Extracted entries
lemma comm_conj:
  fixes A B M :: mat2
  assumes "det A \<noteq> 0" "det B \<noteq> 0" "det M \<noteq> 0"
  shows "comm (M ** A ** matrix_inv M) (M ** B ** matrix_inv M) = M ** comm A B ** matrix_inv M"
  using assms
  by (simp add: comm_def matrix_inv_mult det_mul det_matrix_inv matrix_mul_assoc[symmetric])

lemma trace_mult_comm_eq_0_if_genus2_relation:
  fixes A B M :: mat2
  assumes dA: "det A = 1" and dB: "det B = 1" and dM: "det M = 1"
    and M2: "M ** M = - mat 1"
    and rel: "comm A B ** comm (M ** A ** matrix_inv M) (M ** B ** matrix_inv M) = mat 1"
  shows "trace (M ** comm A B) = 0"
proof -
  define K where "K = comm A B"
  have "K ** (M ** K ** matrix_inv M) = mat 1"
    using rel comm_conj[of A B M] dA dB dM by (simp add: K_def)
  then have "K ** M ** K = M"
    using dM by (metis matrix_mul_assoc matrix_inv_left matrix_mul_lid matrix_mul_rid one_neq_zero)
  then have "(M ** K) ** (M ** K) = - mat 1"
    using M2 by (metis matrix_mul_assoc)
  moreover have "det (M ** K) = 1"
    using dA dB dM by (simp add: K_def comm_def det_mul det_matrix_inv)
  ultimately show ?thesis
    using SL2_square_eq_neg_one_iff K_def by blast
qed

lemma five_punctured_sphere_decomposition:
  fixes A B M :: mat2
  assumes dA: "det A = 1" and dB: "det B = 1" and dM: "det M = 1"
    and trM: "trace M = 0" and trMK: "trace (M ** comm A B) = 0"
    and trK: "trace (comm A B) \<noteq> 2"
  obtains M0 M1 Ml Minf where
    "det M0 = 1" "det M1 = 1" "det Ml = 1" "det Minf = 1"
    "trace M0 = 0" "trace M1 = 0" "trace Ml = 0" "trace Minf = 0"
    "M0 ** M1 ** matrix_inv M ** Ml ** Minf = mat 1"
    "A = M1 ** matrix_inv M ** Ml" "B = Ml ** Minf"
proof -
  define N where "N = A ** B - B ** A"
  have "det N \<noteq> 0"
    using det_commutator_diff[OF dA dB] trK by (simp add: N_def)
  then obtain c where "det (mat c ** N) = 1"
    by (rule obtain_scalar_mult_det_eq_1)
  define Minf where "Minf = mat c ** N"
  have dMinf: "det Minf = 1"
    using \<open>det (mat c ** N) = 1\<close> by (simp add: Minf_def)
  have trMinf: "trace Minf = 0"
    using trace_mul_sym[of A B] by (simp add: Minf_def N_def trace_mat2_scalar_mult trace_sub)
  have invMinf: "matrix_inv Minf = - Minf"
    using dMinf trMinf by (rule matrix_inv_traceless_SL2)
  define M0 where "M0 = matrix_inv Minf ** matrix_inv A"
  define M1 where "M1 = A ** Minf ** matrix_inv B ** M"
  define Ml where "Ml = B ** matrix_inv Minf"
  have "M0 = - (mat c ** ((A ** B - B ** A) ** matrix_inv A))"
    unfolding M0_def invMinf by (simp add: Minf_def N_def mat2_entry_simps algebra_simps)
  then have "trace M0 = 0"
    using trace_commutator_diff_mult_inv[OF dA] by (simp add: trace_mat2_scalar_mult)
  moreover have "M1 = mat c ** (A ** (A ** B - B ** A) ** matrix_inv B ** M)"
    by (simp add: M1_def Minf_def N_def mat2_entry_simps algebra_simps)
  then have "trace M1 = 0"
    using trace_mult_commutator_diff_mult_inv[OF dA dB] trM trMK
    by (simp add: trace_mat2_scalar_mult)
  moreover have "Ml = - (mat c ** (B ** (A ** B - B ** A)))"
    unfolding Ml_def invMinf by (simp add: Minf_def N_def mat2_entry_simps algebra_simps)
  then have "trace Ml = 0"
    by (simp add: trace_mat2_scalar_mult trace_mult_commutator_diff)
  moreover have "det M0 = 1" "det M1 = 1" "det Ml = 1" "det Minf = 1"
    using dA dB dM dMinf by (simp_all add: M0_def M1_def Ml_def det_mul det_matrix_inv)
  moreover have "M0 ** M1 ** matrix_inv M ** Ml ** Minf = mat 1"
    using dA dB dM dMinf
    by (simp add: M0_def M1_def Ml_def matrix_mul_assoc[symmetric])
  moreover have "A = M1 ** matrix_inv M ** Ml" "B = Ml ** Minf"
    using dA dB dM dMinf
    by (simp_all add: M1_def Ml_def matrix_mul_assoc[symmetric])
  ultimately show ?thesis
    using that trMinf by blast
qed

Task item
Tell how many lines above hold "shows", nothing more.

Solution
2